The media has been giving high profile to the UNICEF report on children’s welfare in OECD countries. See the BBC account here and the Guardian report here, for example. The BBC also summarises the key points here and gives some reaction here.

I have been reading these pieces in the light of a lecture I heard last Wednesday at Chelmsford Cathedral Theological Society by His Honour Judge David Turner QC, a circuit judge at Chelmsford and until recently a churchwarden at All Souls, Langham Place. Responding to some of the recent media furore over allegedly light sentences being passed for serious offences, he talked about the five criteria that the Criminal Justice Act 2003 requires him to take into account when someone has been convicted. Often, he said, reading the pre-sentence reports, he knows that someone never had a chance in life due to their upbringing.
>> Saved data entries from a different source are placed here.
lemma kth_eig_1_least_simple_root:
  assumes "A \<in> carrier_mat n n"
    and "\<And>x. poly (char_poly A) (of_real x) = 0 \<Longrightarrow> order (of_real x) (char_poly A) = 1"
    and "poly (char_poly A) (of_real lam) = 0"
    and "\<And>x. poly (char_poly A) (of_real x) = 0 \<Longrightarrow> lam \<le> x"
  shows "kth_eig A 1 = lam"
proof -
  have "1 \<le> eig_count A t \<longleftrightarrow> lam \<le> t" for t
    using assms(3,4) finite_real_roots_char_poly[OF assms(1), of "\<lambda>x. x \<le> t"]
    by (auto simp: eig_count_simple_roots[OF assms(2)] Suc_le_eq card_gt_0_iff intro: order.trans)
  then have "{t. 1 \<le> eig_count A t} = {lam..}"
    by auto
  then show ?thesis
    by (simp add: kth_eig_def)
qed

lemma kth_eig_2_ge:
  assumes "A \<in> carrier_mat n n"
    and "\<And>x. poly (char_poly A) (of_real x) = 0 \<Longrightarrow> order (of_real x) (char_poly A) = 1"
    and "poly (char_poly A) (of_real lam) = 0" and "poly (char_poly A) (of_real beta) = 0"
    and "beta \<noteq> lam"
    and "\<And>x. poly (char_poly A) (of_real x) = 0 \<Longrightarrow> x \<noteq> lam \<Longrightarrow> c \<le> x"
  shows "c \<le> kth_eig A 2"
proof -
  let ?roots = "\<lambda>t. {x. poly (char_poly A) (of_real x) = 0 \<and> x \<le> t}"
  have count: "eig_count A t = card (?roots t)" for t
    by (rule eig_count_simple_roots[OF assms(2)])
  have "card {lam, beta} \<le> card (?roots (max lam beta))"
    using assms(3,4) by (intro card_mono finite_real_roots_char_poly[OF assms(1)]) auto
  then have nonempty: "max lam beta \<in> {t. 2 \<le> eig_count A t}"
    using assms(5) by (simp add: count)
  have "c \<le> t" if "t \<in> {t. 2 \<le> eig_count A t}" for t
  proof -
    have "\<not> ?roots t \<subseteq> {lam}"
      using that card_mono[of "{lam}" "?roots t"] by (auto simp: count)
    then obtain x where "x \<in> ?roots t" "x \<noteq> lam"
      by blast
    then show "c \<le> t"
      using assms(6)[of x] by auto
  qed
  then show ?thesis
    unfolding kth_eig_def using nonempty by (intro cInf_greatest) auto
qed
theorem lemma5:
  fixes m :: nat
    and E :: "'a::finite \<Rightarrow> 'a \<Rightarrow> bool"
    and L1 L2 :: "('a, 'r::idom) nael set"
    and g :: "'a \<Rightarrow> ('a, 'r) nael"
  assumes "m \<ge> 2"
    and "card (UNIV :: 'a set) \<ge> 2"
    and "\<And>p. \<not> E p p"
    and "\<And>p q. E p q \<Longrightarrow> E q p"
    and "compl_connected E"
    and "Ndirect_sum m E L1 L2"
    and "\<And>i. Neq m E (proj1 m E L1 L2 (gen i)) (gen i + g i)"
    and "\<And>i. Neq m E (proj2 m E L1 L2 (gen i)) (- g i)"
    and "\<And>i. i \<notin> Nsupp m E (omega 1 (g i))"
  shows "\<forall>i. Neq m E (Ocomp (m - 1) (g i)) 0"
proof -
  note parts = Ndirect_sumD[OF assms(6)]
  have P: "gen i + g i \<in> L1" for i
    using Nsubalg_Neq[OF parts(1) proj1_mem[OF assms(6)] assms(7)] .
  have Q: "- g i \<in> L2" for i
    using Nsubalg_Neq[OF parts(2) proj2_mem[OF assms(6)] assms(8)] .
  have linear: "Poly_Mapping.lookup (g j) (Leaf q) = 0" for j q
  proof (rule linear_coeffs_vanish[OF assms(1) assms(4)])
    show "\<exists>i. i \<noteq> q \<and> \<not> E i q" for q
      using assms(5,2) by (rule compl_connected_nonadjacent)
    show "br (gen i + g i) (g j) \<in> lideal m E" for i j
      using lideal_uminus[OF parts(4)[OF P Q]] by (simp add: br_uminus_right)
    show "Poly_Mapping.lookup (g i) (Leaf i) = 0" for i
      using lookup_Leaf_eq_0_if_notin_Nsupp[OF _ assms(9)] assms(1) by (simp add: lookup_omega)
  qed
  have "- g p \<in> lideal m E" for p
  proof (rule nonlinear_second_components_vanish[OF assms(6) P Q])
    show "Neq m E (gen p) (gen p + g p + - g p)" for p
      by (simp add: Neq_def lideal.zero)
    show "2 \<le> tlen t" if "t \<in> Poly_Mapping.keys (- g p)" for p t
      using that by (simp add: two_le_tlen_if_no_Leaf[OF linear])
  qed
  then have "g p \<in> lideal m E" for p
    using lideal_uminus by fastforce
  then show ?thesis
    unfolding Neq_def Ocomp_def by (auto intro!: lideal_sum lideal_omega)
qed

end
And in that light it seems to me we need to make child care a national priority. But to do so will require not only Government work, it is a matter for the whole of society and it is an area where Christian faith has something important to contribute to the public arena. Dare I say it, but I think there is some wisdom in the comments of George Osborne MP, the Shadow Chancellor:

“I don’t actually think government has the answer to all these problems.

“This is not all about politicians in Westminster passing laws, it’s about social responsibility, it’s about parents taking greater responsibility for their children, it’s about trusting teachers in classrooms, it’s about us as neighbours in a society playing our part as well.

“Children often in their own way are very articulate about what they think is wrong with their life or how they think it could be improved.

“However, that’s not to say, you know, we should be entirely run by children as a society. I think that children also need boundaries and those in charge of children, whether its teachers in the classroom, need greater responsibilities in terms of disciplining those children, but also parents need to play their part.” (Reported in the BBC reaction linked above.)

So yes, the Government needs to (continue to??) work on taking children out of poverty and increasing educational opportunities. However I for one am not convinced by what they are doing so far. Child tax credits are part of the anti-poverty measures, but our family has so often been messed about on ours that I have little confidence in the system. It ought to be a key plank. A friend who works for HM Revenue and Customs, which administers the credits, tells us the difficulties are down to woeful understaffing. What a surprise.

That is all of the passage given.